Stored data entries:
====================
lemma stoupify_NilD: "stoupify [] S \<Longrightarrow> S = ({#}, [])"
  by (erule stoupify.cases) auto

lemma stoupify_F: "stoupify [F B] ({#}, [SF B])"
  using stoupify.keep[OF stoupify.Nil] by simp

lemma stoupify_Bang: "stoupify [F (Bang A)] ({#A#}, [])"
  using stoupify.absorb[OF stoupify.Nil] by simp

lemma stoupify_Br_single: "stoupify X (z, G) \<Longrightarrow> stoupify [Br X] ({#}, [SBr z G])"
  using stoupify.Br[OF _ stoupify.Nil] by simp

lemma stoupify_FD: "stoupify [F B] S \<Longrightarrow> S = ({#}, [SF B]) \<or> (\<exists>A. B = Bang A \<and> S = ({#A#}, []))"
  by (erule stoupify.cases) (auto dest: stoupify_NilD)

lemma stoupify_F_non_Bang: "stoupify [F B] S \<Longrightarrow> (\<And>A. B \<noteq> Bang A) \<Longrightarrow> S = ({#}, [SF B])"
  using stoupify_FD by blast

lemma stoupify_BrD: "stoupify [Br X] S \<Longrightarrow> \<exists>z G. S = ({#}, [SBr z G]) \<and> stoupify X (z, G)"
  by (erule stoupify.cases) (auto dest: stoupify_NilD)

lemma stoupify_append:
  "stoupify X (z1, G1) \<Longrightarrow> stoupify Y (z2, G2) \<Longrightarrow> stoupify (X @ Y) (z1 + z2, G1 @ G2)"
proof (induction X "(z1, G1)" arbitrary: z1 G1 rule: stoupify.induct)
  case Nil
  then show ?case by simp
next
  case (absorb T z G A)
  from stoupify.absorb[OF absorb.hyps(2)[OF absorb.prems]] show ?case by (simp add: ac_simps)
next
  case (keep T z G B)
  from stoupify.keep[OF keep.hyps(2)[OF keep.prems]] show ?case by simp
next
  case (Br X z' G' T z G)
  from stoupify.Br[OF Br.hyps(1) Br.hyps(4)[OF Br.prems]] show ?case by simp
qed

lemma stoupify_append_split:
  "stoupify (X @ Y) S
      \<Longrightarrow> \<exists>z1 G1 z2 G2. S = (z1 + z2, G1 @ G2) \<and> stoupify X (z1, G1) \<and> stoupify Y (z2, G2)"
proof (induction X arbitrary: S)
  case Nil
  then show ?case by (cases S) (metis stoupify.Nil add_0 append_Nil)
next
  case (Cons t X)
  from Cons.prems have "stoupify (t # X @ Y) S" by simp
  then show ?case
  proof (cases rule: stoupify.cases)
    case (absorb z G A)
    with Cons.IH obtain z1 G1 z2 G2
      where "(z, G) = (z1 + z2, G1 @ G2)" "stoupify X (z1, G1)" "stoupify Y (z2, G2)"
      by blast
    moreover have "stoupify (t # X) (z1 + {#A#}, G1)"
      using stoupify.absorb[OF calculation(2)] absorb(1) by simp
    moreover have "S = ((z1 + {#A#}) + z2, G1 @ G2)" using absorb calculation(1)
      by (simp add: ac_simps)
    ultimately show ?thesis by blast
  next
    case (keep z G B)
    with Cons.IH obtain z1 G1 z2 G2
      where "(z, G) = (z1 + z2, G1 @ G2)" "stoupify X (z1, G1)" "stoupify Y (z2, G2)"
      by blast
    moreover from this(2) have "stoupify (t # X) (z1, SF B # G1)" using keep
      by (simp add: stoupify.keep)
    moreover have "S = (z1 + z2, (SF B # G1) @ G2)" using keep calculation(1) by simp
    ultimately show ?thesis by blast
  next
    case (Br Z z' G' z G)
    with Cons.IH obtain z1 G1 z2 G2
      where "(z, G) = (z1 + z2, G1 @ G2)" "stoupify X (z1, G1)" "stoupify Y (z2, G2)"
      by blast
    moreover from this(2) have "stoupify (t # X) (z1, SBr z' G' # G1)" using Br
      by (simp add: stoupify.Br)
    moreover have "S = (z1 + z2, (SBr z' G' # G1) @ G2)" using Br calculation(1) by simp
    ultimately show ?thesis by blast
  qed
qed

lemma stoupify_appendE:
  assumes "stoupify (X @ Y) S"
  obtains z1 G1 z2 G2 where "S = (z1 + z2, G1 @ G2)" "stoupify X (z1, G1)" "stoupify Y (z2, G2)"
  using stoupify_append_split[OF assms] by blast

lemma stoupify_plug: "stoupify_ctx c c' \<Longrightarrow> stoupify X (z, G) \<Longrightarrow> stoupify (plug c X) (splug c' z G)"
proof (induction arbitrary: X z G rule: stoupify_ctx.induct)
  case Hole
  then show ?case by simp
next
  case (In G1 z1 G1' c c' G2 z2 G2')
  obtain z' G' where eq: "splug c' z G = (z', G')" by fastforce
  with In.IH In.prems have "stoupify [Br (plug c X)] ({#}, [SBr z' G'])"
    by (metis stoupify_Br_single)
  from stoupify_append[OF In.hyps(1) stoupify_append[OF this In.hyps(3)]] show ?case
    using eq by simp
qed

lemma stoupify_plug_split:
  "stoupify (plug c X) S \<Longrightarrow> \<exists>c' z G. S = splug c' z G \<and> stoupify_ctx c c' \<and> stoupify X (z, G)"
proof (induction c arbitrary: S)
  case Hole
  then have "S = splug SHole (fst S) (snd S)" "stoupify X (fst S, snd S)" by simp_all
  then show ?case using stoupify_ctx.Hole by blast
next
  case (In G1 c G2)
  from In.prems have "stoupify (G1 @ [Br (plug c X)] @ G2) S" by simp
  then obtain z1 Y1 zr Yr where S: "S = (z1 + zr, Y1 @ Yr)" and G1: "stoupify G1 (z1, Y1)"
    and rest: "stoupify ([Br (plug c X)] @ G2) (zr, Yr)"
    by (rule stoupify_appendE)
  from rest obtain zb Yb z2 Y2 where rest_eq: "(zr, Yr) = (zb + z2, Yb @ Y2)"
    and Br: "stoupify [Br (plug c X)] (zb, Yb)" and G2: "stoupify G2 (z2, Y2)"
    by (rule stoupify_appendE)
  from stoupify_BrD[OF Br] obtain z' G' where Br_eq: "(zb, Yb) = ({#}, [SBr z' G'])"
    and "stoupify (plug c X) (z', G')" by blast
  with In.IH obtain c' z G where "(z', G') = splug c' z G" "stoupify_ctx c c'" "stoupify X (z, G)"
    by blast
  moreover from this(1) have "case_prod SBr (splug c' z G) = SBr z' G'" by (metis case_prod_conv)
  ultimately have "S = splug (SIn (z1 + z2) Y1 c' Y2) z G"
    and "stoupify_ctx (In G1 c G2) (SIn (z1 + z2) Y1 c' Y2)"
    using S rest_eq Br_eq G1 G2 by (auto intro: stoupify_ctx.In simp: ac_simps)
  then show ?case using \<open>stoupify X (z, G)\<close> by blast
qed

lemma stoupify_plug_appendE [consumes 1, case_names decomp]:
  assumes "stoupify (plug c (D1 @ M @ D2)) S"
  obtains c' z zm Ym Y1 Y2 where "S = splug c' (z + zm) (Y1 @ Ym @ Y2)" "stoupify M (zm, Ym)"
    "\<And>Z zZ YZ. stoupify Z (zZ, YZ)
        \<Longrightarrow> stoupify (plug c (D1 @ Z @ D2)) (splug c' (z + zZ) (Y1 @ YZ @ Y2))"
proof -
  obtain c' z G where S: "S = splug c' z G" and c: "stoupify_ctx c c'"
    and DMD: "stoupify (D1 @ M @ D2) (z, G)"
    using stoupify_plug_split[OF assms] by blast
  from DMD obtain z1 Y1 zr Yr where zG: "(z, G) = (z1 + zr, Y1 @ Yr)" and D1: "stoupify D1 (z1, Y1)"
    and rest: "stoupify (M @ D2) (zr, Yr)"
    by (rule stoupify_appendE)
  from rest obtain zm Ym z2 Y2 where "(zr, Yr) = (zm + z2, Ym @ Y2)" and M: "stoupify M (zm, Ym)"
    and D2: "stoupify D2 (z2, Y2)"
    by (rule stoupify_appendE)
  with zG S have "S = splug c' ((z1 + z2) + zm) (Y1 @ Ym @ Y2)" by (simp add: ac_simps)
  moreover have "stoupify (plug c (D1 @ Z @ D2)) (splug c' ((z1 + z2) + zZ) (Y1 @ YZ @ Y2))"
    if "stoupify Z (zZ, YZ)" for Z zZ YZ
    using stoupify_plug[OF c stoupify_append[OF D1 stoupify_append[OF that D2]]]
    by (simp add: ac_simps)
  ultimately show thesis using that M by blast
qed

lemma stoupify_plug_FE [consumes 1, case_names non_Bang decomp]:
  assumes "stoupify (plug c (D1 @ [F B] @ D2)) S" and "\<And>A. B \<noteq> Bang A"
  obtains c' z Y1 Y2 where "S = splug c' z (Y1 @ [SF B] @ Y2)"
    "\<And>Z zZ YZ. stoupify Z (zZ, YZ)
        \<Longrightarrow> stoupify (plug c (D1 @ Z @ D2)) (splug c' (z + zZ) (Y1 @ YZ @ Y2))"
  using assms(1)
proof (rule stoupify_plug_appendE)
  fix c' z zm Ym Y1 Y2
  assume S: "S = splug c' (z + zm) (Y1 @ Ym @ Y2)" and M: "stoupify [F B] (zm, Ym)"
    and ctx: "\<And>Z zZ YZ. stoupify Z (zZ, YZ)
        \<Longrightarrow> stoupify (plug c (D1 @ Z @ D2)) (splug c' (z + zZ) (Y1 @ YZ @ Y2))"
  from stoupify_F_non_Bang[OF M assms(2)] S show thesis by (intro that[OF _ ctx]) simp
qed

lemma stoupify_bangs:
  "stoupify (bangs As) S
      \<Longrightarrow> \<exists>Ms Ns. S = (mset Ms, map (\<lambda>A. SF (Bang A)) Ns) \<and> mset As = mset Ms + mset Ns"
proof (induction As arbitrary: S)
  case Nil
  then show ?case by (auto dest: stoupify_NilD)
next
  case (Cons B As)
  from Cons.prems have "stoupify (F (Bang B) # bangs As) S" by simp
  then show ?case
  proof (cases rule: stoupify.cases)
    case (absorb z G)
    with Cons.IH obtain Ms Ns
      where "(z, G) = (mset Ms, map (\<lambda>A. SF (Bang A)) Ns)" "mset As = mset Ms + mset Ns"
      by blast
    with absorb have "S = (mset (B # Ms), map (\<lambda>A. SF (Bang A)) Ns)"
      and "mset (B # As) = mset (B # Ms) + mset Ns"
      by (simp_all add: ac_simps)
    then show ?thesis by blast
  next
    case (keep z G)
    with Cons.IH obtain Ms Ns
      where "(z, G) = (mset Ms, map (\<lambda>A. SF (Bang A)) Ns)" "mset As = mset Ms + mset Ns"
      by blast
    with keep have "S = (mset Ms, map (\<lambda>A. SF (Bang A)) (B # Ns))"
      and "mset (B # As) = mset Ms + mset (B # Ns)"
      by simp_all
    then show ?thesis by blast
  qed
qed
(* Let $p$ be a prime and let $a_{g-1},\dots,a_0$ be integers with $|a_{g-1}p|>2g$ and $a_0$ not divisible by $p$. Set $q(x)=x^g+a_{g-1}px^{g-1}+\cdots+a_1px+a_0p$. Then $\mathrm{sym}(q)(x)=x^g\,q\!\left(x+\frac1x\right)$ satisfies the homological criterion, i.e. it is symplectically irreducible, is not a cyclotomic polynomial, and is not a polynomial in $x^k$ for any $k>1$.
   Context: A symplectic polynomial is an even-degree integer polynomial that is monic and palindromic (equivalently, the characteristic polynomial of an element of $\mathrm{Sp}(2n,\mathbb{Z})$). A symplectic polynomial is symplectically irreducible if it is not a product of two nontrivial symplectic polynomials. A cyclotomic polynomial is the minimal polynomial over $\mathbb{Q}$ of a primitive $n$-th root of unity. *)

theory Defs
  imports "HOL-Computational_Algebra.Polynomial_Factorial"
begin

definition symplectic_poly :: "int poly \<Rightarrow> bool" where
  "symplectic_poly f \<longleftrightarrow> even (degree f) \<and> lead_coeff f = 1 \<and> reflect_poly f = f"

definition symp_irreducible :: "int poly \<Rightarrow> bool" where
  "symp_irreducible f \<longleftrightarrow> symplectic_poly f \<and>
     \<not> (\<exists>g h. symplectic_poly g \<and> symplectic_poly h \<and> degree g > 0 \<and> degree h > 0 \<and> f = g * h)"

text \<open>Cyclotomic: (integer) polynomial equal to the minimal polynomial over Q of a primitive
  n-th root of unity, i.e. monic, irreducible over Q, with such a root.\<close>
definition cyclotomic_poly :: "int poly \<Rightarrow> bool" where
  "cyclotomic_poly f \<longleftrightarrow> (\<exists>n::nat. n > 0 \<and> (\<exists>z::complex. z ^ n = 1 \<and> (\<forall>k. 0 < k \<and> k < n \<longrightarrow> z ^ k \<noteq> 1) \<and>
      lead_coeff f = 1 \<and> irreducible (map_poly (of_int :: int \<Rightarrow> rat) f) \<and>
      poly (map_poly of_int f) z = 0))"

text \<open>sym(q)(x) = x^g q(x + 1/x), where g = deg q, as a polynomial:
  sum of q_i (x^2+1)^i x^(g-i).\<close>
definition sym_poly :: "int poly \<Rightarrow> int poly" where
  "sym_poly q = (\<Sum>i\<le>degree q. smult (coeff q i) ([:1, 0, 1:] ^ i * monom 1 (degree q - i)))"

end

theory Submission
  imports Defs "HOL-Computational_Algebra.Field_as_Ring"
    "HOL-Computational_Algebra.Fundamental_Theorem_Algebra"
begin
====================
### TASK DETAILS:
Copy every line in the entries above that has the string "imports" in it.

### WRITTEN ANSWER:
  imports "HOL-Computational_Algebra.Polynomial_Factorial"
  imports Defs "HOL-Computational_Algebra.Field_as_Ring"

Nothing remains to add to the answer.